### DIRECTIONS FOR THIS TASK
When you reach the line with "c n3 \<approx> b" in the data below, begin printing lines exactly, and stop once the line with "using edge_joins[OF ac] by blast" has been printed.

### PROVIDED RECORDS
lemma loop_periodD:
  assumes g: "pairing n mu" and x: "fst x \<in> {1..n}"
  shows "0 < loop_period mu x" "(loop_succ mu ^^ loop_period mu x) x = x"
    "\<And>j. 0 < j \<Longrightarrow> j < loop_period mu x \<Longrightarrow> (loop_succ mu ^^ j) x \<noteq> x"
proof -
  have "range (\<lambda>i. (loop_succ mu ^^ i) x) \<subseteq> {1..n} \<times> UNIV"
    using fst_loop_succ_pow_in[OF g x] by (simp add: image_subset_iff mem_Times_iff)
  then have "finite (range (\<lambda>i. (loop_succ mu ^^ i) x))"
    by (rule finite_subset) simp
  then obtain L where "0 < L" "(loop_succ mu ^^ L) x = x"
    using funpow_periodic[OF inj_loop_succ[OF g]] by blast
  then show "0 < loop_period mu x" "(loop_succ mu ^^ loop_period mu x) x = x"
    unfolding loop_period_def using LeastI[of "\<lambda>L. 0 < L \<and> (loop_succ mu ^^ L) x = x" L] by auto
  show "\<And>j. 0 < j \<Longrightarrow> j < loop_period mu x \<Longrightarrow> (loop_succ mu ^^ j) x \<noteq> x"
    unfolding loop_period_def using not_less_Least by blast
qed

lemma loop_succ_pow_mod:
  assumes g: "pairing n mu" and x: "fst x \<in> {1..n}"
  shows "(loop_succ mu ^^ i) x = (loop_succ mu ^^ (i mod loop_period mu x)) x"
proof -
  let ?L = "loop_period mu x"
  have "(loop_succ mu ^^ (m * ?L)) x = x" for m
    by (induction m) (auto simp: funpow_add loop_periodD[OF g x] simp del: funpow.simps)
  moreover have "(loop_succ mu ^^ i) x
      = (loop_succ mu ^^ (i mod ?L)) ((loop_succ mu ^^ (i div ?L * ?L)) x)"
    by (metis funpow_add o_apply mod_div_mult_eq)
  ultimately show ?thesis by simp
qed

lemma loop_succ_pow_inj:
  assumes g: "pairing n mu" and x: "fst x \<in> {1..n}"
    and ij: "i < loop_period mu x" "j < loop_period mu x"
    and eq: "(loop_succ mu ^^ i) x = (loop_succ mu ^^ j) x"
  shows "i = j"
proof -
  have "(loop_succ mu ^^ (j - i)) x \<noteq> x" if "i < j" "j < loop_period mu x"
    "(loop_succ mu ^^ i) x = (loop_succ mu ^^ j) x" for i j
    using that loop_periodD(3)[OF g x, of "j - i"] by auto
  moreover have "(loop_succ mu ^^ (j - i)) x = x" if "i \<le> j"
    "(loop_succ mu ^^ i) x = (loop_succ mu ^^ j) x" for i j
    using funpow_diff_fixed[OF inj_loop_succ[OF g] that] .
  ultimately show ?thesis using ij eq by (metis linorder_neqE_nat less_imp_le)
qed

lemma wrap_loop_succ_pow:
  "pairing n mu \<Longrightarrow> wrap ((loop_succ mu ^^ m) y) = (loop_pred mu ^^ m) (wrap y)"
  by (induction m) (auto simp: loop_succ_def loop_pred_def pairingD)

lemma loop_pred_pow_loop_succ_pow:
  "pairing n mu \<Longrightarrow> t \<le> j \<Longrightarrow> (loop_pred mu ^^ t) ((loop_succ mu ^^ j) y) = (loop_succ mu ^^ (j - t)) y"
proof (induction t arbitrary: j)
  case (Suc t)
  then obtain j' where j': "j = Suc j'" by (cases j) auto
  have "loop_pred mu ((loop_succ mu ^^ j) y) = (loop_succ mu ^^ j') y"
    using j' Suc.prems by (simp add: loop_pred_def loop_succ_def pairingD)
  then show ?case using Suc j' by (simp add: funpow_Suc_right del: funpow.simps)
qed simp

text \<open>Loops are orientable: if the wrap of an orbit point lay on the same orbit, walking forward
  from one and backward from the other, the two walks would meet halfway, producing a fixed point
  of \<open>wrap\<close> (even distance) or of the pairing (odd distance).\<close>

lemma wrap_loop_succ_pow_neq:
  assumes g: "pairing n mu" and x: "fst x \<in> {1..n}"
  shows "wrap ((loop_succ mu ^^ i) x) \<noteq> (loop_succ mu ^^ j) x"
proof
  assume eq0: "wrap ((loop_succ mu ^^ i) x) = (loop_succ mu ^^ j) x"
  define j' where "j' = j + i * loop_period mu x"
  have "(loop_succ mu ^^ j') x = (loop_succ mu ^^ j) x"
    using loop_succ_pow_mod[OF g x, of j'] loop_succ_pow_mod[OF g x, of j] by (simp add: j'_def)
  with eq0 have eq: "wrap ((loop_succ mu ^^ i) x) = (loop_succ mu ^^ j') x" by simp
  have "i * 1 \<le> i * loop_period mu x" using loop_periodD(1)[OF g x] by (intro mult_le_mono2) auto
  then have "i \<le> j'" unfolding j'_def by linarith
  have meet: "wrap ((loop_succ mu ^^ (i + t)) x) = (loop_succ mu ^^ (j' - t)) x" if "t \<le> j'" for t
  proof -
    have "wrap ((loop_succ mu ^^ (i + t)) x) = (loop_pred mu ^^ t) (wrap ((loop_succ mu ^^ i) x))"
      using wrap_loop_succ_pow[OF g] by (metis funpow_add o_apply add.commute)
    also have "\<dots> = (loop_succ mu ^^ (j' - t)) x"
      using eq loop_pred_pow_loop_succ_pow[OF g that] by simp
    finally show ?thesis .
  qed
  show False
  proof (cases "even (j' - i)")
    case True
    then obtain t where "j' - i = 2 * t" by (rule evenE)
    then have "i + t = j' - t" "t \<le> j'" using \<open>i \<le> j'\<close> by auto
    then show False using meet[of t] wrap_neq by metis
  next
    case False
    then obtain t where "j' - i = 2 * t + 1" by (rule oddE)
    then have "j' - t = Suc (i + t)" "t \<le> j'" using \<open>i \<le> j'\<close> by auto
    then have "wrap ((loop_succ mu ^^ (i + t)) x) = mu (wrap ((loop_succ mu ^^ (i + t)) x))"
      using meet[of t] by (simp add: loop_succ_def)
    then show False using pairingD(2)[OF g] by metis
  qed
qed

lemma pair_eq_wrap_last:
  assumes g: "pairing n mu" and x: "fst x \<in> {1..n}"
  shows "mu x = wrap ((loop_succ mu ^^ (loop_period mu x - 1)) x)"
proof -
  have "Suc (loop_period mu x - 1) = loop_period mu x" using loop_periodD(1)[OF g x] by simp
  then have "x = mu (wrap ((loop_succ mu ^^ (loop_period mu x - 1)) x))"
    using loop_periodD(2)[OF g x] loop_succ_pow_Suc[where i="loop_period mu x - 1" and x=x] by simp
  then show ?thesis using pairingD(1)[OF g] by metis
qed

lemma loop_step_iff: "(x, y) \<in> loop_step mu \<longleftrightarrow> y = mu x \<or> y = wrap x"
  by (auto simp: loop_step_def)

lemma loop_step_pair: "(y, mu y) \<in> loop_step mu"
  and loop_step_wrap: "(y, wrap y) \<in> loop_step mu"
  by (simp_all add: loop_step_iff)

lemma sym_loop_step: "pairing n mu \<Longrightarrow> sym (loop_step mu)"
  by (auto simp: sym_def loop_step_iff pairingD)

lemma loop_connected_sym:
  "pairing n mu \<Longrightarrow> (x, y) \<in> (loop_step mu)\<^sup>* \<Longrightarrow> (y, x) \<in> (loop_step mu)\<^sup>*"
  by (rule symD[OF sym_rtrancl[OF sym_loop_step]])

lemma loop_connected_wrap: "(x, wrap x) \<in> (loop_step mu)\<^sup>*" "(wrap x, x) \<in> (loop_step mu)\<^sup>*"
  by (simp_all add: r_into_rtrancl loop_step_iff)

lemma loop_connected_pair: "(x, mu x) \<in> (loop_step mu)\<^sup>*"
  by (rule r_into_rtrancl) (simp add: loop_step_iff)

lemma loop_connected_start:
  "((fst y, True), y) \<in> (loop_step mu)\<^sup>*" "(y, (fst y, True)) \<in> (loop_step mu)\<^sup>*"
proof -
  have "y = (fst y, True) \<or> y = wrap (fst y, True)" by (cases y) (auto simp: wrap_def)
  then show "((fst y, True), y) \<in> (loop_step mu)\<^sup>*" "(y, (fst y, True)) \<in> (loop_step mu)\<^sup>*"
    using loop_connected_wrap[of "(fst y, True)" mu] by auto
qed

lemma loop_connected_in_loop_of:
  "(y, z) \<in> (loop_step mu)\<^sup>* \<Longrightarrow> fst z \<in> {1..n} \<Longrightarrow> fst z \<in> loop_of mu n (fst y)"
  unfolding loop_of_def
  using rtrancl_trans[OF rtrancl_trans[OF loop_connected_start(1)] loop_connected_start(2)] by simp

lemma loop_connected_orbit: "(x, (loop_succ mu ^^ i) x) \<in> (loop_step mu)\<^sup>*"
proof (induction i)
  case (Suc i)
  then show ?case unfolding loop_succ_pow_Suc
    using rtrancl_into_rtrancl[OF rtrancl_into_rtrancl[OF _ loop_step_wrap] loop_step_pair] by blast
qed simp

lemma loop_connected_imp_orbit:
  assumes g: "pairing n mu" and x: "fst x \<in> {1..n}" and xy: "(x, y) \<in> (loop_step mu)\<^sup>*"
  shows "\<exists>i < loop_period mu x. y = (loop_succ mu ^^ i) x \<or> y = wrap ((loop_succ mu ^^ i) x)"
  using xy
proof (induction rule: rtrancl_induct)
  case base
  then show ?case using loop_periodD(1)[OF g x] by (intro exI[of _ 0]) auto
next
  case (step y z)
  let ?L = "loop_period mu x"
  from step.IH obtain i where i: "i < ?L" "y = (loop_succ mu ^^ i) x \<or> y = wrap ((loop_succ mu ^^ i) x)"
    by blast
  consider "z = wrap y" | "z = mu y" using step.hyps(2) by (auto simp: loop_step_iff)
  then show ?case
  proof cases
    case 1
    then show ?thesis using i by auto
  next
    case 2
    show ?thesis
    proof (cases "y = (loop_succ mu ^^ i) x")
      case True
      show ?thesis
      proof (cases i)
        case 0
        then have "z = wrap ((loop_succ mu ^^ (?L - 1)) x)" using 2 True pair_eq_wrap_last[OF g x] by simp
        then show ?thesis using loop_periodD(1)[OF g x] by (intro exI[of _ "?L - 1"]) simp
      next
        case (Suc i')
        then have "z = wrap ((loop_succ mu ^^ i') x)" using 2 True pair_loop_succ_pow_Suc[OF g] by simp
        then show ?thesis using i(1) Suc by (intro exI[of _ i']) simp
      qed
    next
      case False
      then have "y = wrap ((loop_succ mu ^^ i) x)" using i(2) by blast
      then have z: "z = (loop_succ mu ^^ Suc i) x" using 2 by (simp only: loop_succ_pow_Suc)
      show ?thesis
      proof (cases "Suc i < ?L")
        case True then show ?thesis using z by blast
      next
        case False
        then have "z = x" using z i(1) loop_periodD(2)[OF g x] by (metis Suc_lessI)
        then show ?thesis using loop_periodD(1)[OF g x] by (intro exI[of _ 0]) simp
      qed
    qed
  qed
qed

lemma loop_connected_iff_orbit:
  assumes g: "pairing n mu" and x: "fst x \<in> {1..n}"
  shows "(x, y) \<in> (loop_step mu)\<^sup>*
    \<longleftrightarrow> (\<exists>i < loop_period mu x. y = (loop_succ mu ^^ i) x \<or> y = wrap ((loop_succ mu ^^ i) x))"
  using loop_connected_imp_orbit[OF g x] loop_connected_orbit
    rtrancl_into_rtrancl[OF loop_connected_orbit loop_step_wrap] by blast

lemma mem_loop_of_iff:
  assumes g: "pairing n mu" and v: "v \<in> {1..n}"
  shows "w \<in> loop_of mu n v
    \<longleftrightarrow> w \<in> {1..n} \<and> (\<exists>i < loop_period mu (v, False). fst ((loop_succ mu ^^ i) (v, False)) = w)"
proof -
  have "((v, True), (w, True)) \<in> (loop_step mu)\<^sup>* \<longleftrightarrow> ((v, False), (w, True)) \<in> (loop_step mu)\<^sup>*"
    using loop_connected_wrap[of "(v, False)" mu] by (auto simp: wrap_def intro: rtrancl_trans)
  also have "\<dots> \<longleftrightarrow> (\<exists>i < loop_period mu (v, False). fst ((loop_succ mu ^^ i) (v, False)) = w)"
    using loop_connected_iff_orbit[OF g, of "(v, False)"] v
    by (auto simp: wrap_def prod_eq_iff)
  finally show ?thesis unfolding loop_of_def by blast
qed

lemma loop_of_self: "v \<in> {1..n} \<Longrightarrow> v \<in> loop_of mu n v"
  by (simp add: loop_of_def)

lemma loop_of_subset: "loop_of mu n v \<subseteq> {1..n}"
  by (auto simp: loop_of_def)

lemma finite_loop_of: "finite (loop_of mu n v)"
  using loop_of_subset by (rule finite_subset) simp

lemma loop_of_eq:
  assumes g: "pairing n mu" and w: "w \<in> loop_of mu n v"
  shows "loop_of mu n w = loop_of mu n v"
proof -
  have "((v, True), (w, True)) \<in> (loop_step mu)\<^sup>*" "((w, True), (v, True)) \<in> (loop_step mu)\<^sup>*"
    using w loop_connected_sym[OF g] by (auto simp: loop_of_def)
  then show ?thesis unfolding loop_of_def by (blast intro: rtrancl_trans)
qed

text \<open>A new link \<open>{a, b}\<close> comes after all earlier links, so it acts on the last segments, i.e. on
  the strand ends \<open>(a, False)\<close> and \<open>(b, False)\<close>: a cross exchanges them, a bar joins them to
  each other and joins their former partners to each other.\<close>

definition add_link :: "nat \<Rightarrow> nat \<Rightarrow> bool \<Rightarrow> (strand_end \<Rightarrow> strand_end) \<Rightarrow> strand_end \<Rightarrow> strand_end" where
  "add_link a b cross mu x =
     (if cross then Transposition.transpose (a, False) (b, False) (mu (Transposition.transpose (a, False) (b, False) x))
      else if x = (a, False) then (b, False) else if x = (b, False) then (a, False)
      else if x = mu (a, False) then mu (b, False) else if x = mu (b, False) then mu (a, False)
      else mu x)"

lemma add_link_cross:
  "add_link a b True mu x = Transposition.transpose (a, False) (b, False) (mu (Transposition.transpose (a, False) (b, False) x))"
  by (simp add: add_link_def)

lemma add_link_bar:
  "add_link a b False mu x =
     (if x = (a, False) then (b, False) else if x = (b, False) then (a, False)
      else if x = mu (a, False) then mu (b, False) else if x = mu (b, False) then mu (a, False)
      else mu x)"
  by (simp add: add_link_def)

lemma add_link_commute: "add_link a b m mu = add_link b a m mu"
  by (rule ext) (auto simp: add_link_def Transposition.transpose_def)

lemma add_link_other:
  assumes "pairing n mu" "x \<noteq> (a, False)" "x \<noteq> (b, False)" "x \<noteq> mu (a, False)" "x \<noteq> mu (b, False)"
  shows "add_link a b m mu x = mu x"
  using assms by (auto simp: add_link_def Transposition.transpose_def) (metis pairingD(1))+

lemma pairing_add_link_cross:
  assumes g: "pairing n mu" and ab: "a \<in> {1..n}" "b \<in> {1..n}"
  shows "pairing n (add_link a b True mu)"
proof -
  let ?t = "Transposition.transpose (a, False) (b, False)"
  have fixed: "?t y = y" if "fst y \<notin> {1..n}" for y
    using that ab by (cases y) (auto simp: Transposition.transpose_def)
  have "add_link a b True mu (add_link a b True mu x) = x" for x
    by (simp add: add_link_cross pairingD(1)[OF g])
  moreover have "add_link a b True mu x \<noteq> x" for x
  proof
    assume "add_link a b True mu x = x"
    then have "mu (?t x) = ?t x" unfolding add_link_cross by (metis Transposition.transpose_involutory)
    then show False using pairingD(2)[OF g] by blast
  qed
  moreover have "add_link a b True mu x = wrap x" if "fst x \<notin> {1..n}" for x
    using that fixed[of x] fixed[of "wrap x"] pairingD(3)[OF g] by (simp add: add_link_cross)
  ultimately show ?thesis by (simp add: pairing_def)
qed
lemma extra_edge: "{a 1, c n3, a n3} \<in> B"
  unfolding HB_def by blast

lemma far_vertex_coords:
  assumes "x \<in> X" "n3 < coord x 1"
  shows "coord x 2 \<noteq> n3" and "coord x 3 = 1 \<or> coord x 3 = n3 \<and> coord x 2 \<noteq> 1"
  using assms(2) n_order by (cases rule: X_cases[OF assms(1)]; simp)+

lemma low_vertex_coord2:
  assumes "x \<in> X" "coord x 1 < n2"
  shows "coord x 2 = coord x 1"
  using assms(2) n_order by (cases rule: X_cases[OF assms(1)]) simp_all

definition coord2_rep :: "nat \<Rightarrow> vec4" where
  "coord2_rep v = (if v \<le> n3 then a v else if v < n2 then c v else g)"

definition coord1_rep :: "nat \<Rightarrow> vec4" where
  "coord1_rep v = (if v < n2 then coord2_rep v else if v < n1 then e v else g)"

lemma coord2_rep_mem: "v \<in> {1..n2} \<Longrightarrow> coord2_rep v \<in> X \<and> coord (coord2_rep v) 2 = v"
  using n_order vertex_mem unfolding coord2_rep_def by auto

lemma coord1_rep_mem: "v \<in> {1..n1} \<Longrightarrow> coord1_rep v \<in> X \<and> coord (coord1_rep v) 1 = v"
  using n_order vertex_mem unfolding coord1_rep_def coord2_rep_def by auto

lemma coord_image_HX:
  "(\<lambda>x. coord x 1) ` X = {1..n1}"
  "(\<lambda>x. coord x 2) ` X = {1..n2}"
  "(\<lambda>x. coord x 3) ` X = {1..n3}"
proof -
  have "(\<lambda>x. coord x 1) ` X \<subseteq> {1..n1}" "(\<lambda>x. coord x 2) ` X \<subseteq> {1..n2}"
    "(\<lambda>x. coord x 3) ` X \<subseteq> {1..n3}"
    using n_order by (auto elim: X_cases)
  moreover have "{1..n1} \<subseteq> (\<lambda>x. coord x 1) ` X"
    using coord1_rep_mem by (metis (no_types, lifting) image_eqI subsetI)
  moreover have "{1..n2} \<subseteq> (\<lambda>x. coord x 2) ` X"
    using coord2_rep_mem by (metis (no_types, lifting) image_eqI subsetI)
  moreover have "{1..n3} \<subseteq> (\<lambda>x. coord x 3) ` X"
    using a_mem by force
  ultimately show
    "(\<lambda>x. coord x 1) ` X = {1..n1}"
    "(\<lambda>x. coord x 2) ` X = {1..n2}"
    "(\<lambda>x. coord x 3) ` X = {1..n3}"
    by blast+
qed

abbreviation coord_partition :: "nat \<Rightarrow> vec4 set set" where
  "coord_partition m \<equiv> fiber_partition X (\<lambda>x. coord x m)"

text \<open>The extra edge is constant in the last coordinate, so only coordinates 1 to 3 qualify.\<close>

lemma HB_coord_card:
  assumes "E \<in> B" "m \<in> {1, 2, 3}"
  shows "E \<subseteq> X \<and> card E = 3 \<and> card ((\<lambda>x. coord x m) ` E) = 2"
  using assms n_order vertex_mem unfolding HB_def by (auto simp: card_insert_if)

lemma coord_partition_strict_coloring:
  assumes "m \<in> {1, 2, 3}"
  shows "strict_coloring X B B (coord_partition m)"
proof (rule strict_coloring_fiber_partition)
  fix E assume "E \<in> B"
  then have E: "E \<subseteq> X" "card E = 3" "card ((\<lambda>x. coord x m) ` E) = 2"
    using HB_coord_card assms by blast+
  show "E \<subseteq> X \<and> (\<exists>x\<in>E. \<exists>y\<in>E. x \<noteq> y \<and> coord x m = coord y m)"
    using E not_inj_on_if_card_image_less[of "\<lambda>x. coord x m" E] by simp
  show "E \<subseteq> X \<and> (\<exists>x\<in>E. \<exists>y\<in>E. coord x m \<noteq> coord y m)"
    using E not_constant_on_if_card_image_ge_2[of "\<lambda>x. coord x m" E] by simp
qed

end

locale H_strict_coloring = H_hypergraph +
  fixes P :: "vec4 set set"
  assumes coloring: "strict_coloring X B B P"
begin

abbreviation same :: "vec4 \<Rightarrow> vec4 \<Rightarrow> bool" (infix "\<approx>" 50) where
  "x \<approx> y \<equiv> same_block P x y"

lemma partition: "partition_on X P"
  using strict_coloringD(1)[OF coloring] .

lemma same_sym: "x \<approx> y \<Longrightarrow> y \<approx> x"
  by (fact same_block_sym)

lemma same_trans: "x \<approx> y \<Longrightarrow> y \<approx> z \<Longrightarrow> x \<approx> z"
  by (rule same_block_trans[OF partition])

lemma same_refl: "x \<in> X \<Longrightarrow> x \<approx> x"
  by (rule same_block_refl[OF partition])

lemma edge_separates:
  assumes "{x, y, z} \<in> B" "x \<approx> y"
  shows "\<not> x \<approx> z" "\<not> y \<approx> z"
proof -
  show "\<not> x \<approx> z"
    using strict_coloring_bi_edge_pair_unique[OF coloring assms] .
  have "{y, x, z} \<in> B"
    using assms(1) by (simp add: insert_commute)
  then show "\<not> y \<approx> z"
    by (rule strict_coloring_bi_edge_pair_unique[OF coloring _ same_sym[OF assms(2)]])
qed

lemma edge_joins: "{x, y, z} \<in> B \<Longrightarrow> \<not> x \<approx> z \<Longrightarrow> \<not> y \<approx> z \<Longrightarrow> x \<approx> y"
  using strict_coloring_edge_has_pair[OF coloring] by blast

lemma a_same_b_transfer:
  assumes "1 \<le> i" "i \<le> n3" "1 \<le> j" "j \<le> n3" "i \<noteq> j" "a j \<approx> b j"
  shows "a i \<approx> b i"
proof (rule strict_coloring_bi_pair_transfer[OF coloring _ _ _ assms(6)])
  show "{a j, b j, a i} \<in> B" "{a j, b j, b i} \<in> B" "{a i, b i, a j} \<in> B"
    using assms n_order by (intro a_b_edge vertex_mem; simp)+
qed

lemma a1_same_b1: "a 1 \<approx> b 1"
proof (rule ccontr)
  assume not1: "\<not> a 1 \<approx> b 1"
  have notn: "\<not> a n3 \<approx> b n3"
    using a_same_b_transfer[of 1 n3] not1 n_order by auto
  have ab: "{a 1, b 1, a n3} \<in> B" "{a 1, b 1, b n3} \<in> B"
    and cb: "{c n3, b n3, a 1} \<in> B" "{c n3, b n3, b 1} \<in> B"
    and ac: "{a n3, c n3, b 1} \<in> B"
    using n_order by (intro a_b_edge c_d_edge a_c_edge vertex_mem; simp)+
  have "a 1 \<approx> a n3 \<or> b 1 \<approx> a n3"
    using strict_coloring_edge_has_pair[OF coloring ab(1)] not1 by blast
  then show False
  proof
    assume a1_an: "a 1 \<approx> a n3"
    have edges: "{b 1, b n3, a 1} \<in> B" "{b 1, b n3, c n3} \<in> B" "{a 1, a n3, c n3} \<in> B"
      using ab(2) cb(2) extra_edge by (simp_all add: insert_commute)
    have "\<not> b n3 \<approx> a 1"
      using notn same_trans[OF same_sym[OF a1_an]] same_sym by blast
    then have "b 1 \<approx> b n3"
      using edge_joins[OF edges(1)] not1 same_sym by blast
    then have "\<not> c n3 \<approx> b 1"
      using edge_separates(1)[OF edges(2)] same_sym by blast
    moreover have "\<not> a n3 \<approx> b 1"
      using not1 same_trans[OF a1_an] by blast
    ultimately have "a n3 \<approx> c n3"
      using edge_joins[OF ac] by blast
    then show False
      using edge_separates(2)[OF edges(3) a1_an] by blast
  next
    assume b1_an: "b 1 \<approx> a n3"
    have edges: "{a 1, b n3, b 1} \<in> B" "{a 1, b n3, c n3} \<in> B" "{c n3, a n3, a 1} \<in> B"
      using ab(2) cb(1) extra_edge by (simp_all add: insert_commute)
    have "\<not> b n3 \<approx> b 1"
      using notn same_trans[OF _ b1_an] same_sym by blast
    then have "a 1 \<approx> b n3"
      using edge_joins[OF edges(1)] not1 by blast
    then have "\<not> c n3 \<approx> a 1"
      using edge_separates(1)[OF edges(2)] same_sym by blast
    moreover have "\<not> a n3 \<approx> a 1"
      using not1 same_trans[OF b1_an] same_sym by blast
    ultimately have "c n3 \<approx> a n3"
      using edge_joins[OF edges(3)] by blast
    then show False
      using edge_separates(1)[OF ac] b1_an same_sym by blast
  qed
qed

### THE COMPLETED TASK
    then have "\<not> c n3 \<approx> b 1"
      using edge_separates(1)[OF edges(2)] same_sym by blast
    moreover have "\<not> a n3 \<approx> b 1"
      using not1 same_trans[OF a1_an] by blast
    ultimately have "a n3 \<approx> c n3"
      using edge_joins[OF ac] by blast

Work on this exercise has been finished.